Elizabeth Glass Turner ~ Leadership Qualities that Can’t Be Faked

Leadership is a tricky subject.

I had a great college professor who modeled it, taught it, instilled it, and theorized about it (only a rare person can do all of those things). He posed a question: are you born with leadership abilities, or are they learned? (A probable admittedly false dichotomy, to be sure, but a great way to think about how one gains the qualities of leadership.)

Rather late to the party, I watched the painfully exquisite Band of Brothers miniseries (2001), a carefully rendered tribute to a deep slice of modern history. “Band of Brothers” follows American paratroopers who served in Europe in WWII. The men were real, the stories are real, it all really happened – a fact which shakes me. It ought to shake all of us.

I’m in a generation that’s extraordinarily cynical about leaders, largely because of scandal in every sector and at every level of public life. A President misuses power in the Oval Office, Catholic priests are brought up on charges around the world, Congressmen and Governors accidentally Tweet explicit photos or try to sell Senate seats, Bernie Madoff bilks millions, star athletes admit to doping, unarmed Black men are strangled and shot in the back by police officers, 40% of North American pastors surveyed admit to using pornography. The development of the internet means we don’t learn of things slowly – we’re bombarded by information almost as soon as something happens.

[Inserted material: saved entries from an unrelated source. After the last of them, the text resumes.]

section \<open>Energy on damped and anti-damped intervals\<close>

lemma energy_decay_damped_interval:
  fixes \<iota> :: "'v::{real_inner,complete_space} \<Rightarrow>\<^sub>L 'h::{real_inner,complete_space}"
    and B1 :: "real \<Rightarrow> ('u1::real_inner \<Rightarrow>\<^sub>L 'h)" and B1s :: "real \<Rightarrow> ('h \<Rightarrow>\<^sub>L 'u1)"
    and B3 :: "real \<Rightarrow> ('u3::real_inner \<Rightarrow>\<^sub>L 'h)" and B3s :: "real \<Rightarrow> ('h \<Rightarrow>\<^sub>L 'u3)"
    and u :: "real \<Rightarrow> 'v" and u' :: "real \<Rightarrow> 'h" and F :: "'v \<Rightarrow> real"
  defines "E \<equiv> energy F u u'"
  assumes sol: "\<And>b. 0 \<le> b \<Longrightarrow> weak_sol \<iota> f (\<lambda>s x. B1 s (B1s s x) - B3 s (B3s s x)) 0 b u u'"
    and "0 \<le> a" "a < b"
    and B1s_adj: "\<And>s. Bstar_of (B1 s) (B1s s)" and B3_zero: "\<And>s. s \<in> {a..<b} \<Longrightarrow> B3 s = 0"
    and G: "continuous_on {a..b} G" "\<And>s. s \<in> {a..<b} \<Longrightarrow> G s = B1 s"
    and F_deriv: "\<And>x. (F has_derivative (\<lambda>v. inner (f x) (\<iota> v))) (at x)"
    and lip: "\<And>R. \<exists>L. L-lipschitz_on (cball 0 R) f" and F_nonpos: "\<And>x. F x \<le> 0"
    and "0 < d"
    and obs: "weak_sol \<iota> f (\<lambda>s x. B1 s (B1s s x)) a b u u' \<Longrightarrow>
      E b \<le> d * integral {a..b} (\<lambda>s. (norm (B1s s (u' s)))\<^sup>2)"
  shows "E b \<le> d / (d + 1) * E a" and "\<And>\<tau>. \<tau> \<in> {a..b} \<Longrightarrow> E \<tau> \<le> E a"
proof -
  have sol_b: "weak_sol \<iota> f (\<lambda>s x. B1 s (B1s s x) - B3 s (B3s s x)) 0 b u u'"
    using sol \<open>0 \<le> a\<close> \<open>a < b\<close> by simp
  have cE: "continuous_on {a..b} E"
    unfolding E_def using \<open>0 \<le> a\<close>
    by (intro continuous_on_subset[OF continuous_on_energy[OF sol_b F_deriv]]) auto
  have hi: "((\<lambda>\<sigma>. - (norm (B1s \<sigma> (u' \<sigma>)))\<^sup>2) has_integral E c - E a) {a..c}"
    if "a \<le> c" "c < b" for c
    using energy_identity_before_endpoint[OF sol \<open>0 \<le> a\<close> that _ B1s_adj G F_deriv lip, of 1] B3_zero
    by (simp add: E_def)
  have "weak_sol \<iota> f (\<lambda>s x. B1 s (B1s s x)) a b u u'"
    using \<open>0 \<le> a\<close> \<open>a < b\<close> B3_zero by (intro weak_sol_subinterval[OF sol_b]) auto
  then show "E b \<le> d / (d + 1) * E a"
    using \<open>0 \<le> a\<close> F_nonpos
    by (intro decay_of_observability_inequality[OF \<open>a < b\<close> cE hi _ obs \<open>0 < d\<close>])
      (auto simp: E_def energy_nonneg)
  show "E \<tau> \<le> E a" if "\<tau> \<in> {a..b}" for \<tau>
    by (rule le_left_endpoint_of_nonpos_rate[OF \<open>a < b\<close> cE hi _ that]) auto
qed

Whether or not it’s fair, integrity isn’t assumed. Lack of integrity is.

It is assumed there’s a dichotomy in your life between image and reality – an Instagram filter, if you like. Everyone knows you take 20 selfies to get one good one, right? So the Sunday morning you – why would I assume that’s the real “you”?

There’s good news and bad news. The good news is that the world desperately needs strong leaders. Leaders won’t have to go busking on street corners with their guitars for loose change. Additionally, the good news is that there are still strong leaders in the world.

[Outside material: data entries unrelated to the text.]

(* Let $G$ be a connected graph in $\mathcal{C}$ and $C$ an induced $C_5$ in $G$. If $R\neq\emptyset$, then $G$ has at most 22 vertices or $G$ has a clique cutset.
   Context: $\mathcal{C}=\mathrm{Free}(\text{claw}, 4K_1, \text{5-wheel}, C_5\text{-twin}, P_5\text{-twin}, K_5-e)$, where $\mathrm{Free}(L)$ is the class of graphs with no induced subgraph isomorphic to a member of $L$; the claw is $K_{1,3}$; $4K_1$ is the edgeless graph on 4 vertices; the 5-wheel is $C_5$ plus a vertex adjacent to all five cycle vertices; the $C_5$-twin is $C_5$ plus a new vertex adjacent to one cycle vertex $v$ and both cycle-neighbours of $v$; the $P_5$-twin is a path $p_1p_2p_3p_4p_5$ plus a new vertex adjacent to exactly $p_2,p_3,p_4$; $K_5-e$ is $K_5$ minus one edge. Given an induced cycle $C$ of length 5, $R$ is the set of vertices outside $C$ with no neighbour in $C$. A clique cutset of $G$ is a set $S$ of vertices inducing a clique such that $G-S$ is disconnected. *)

theory Defs
  imports Main
begin

definition graph :: "'a set \<Rightarrow> ('a \<Rightarrow> 'a \<Rightarrow> bool) \<Rightarrow> bool" where
  "graph V E \<longleftrightarrow> finite V \<and> (\<forall>u v. E u v \<longrightarrow> u \<in> V \<and> v \<in> V)
     \<and> (\<forall>u v. E u v \<longrightarrow> E v u) \<and> (\<forall>u. \<not> E u u)"

definition has_induced :: "'a set \<Rightarrow> ('a \<Rightarrow> 'a \<Rightarrow> bool) \<Rightarrow> 'b set \<Rightarrow> ('b \<Rightarrow> 'b \<Rightarrow> bool) \<Rightarrow> bool" where
  "has_induced V E HV HE \<longleftrightarrow> (\<exists>f. inj_on f HV \<and> f ` HV \<subseteq> V \<and>
      (\<forall>x\<in>HV. \<forall>y\<in>HV. E (f x) (f y) \<longleftrightarrow> HE x y))"

definition edges_of :: "(nat \<times> nat) list \<Rightarrow> nat \<Rightarrow> nat \<Rightarrow> bool" where
  "edges_of L x y \<longleftrightarrow> (x, y) \<in> set L \<or> (y, x) \<in> set L"

definition claw_E :: "nat \<Rightarrow> nat \<Rightarrow> bool" where
  "claw_E = edges_of [(0,1),(0,2),(0,3)]"

definition fourK1_E :: "nat \<Rightarrow> nat \<Rightarrow> bool" where
  "fourK1_E = edges_of []"

definition C5_E :: "nat \<Rightarrow> nat \<Rightarrow> bool" where
  "C5_E = edges_of [(0,1),(1,2),(2,3),(3,4),(4,0)]"

definition wheel5_E :: "nat \<Rightarrow> nat \<Rightarrow> bool" where
  "wheel5_E = edges_of [(0,1),(1,2),(2,3),(3,4),(4,0),(5,0),(5,1),(5,2),(5,3),(5,4)]"

definition C5_twin_E :: "nat \<Rightarrow> nat \<Rightarrow> bool" where
  "C5_twin_E = edges_of [(0,1),(1,2),(2,3),(3,4),(4,0),(5,0),(5,1),(5,4)]"

definition P5_twin_E :: "nat \<Rightarrow> nat \<Rightarrow> bool" where
  "P5_twin_E = edges_of [(0,1),(1,2),(2,3),(3,4),(5,1),(5,2),(5,3)]"

definition K5_minus_e_E :: "nat \<Rightarrow> nat \<Rightarrow> bool" where
  "K5_minus_e_E = edges_of [(0,2),(0,3),(0,4),(1,2),(1,3),(1,4),(2,3),(2,4),(3,4)]"

definition in_class_C :: "'a set \<Rightarrow> ('a \<Rightarrow> 'a \<Rightarrow> bool) \<Rightarrow> bool" where
  "in_class_C V E \<longleftrightarrow>
     \<not> has_induced V E {0..<4} claw_E \<and>
     \<not> has_induced V E {0..<4} fourK1_E \<and>
     \<not> has_induced V E {0..<6} wheel5_E \<and>
     \<not> has_induced V E {0..<6} C5_twin_E \<and>
     \<not> has_induced V E {0..<6} P5_twin_E \<and>
     \<not> has_induced V E {0..<5} K5_minus_e_E"

definition induced_on :: "'a set \<Rightarrow> ('a \<Rightarrow> 'a \<Rightarrow> bool) \<Rightarrow> 'a \<Rightarrow> 'a \<Rightarrow> bool" where
  "induced_on S E u v \<longleftrightarrow> u \<in> S \<and> v \<in> S \<and> E u v"

definition connected_graph :: "'a set \<Rightarrow> ('a \<Rightarrow> 'a \<Rightarrow> bool) \<Rightarrow> bool" where
  "connected_graph V E \<longleftrightarrow> V \<noteq> {} \<and> (\<forall>u\<in>V. \<forall>v\<in>V. (induced_on V E)\<^sup>*\<^sup>* u v)"

definition is_clique :: "('a \<Rightarrow> 'a \<Rightarrow> bool) \<Rightarrow> 'a set \<Rightarrow> bool" where
  "is_clique E S \<longleftrightarrow> (\<forall>x\<in>S. \<forall>y\<in>S. x \<noteq> y \<longrightarrow> E x y)"

definition clique_cutset :: "'a set \<Rightarrow> ('a \<Rightarrow> 'a \<Rightarrow> bool) \<Rightarrow> 'a set \<Rightarrow> bool" where
  "clique_cutset V E S \<longleftrightarrow> S \<subseteq> V \<and> is_clique E S \<and>
     (\<exists>u\<in>V - S. \<exists>v\<in>V - S. \<not> (induced_on (V - S) E)\<^sup>*\<^sup>* u v)"

definition induced_C5 :: "'a set \<Rightarrow> ('a \<Rightarrow> 'a \<Rightarrow> bool) \<Rightarrow> (nat \<Rightarrow> 'a) \<Rightarrow> bool" where
  "induced_C5 V E c \<longleftrightarrow> inj_on c {0..<5} \<and> c ` {0..<5} \<subseteq> V \<and>
     (\<forall>i<5. \<forall>j<5. E (c i) (c j) \<longleftrightarrow> C5_E i j)"

definition R_set :: "'a set \<Rightarrow> ('a \<Rightarrow> 'a \<Rightarrow> bool) \<Rightarrow> (nat \<Rightarrow> 'a) \<Rightarrow> 'a set" where
  "R_set V E c = {v \<in> V - c ` {0..<5}. \<forall>i<5. \<not> E v (c i)}"

end

theory Submission
  imports Defs
begin

text \<open>Every vertex outside the induced cycle \<open>C\<close> sees nothing of \<open>C\<close> (the set \<open>R\<close>), exactly one
edge of \<open>C\<close>, or all of \<open>C\<close> but one vertex: a claw forbids a neighbour on \<open>C\<close> without a
neighbouring neighbour, a \<open>C\<^sub>5\<close>-twin forbids exactly three consecutive neighbours and a 5-wheel
all five. Vertices of the second kind are complete to \<open>R\<close> (no \<open>4K\<^sub>1\<close>), vertices of the third kind
anticomplete to it (no claw), so \<open>N(R)\<close> consists of vertices complete to \<open>R\<close>, and \<open>R\<close> itself is
a clique. If \<open>N(R)\<close> is a clique it is a cutset separating \<open>R\<close> from \<open>C\<close>. Otherwise two non-adjacent
vertices of \<open>N(R)\<close> and three vertices of \<open>R\<close> would induce \<open>K\<^sub>5 - e\<close>, so \<open>|R| \<le> 2\<close>; as there are
at most two vertices seeing a given edge and at most one missing a given vertex (claw and
\<open>K\<^sub>5 - e\<close> again), \<open>|V| \<le> 5 + 2 + 5\<cdot>2 + 5\<cdot>1 = 22\<close>.\<close>

lemma has_induced_list:
  assumes "distinct xs" "set xs \<subseteq> V"
    and "\<forall>i < length xs. \<forall>j < length xs. E (xs ! i) (xs ! j) = HE i j"
  shows "has_induced V E {0..<length xs} HE"
  unfolding has_induced_def
proof (intro exI conjI)
  show "inj_on (nth xs) {0..<length xs}"
    using assms(1) by (simp add: inj_on_def nth_eq_iff_index_eq)
  show "nth xs ` {0..<length xs} \<subseteq> V"
    using assms(2) by auto
qed (use assms(3) in simp)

The bad news is that it costs. Additionally, the bad news is that many strong leaders don’t get much recognition.

Here are a few of the leadership qualities that can’t be faked. The hard part is answering whether you and I are willing to be the real deal, when a Photoshopped head shot is so much faster and easier.

You can’t fake sacrifice.

You can fake generosity, though. But real sacrifice – real sacrifice – isn’t faked. Usually only a few people know about it. When someone talks too readily about themselves and their sacrifices, watch out: often, real sacrifice is learned of from and through others.

To take the battlefield imagery alluded to above, you can fake generosity by offering to do something you were already signed up to do. But you can’t fake the sacrifice of offering to go on a patrol so someone else can rest or sharing the last of your supplies.

If you’re not willing to sacrifice regularly and quietly, don’t be surprised when people follow you when you’re successful but abandon you when the going gets tough.

You can’t fake humility.

False humility is visible a mile away. False humility still finds a way to put other people down privately and publicly. False humility asks followers to do things the leader isn’t willing to do. False humility gets mean at perceived slights. False humility goes hand in hand with a strong self-protective instinct. It sees humility as a social tool rather than a quality of Jesus Christ.

Real humility is comfortable with confidence – in the right things. Real humility doesn’t take potshots at others in order to masquerade as wisdom. Real humility leads from the front and picks up the cleaning rag first, not last. Real humility means a mild response when someone insults you. Real humility puts self-preservation to death.

You can’t fake consistency.

This doesn’t mean glossing over temperamental differences and personality traits. It does mean that whether you discipline yourself to become knowledgeable about property insurance or Greek verbs, the latest studies on PTSD or the life of Bonhoeffer, you see discipline and consistency as qualities that allow you to serve others better when the moment arises.

Or as Major Dick Winters put it (portrayed in “Band of Brothers,” he fought at Normandy, in Holland, and at the Battle of the Bulge), “war exposes the best and worst of those who are called to fight. I know of no man who lacked character in peace and then discovered his character in combat.”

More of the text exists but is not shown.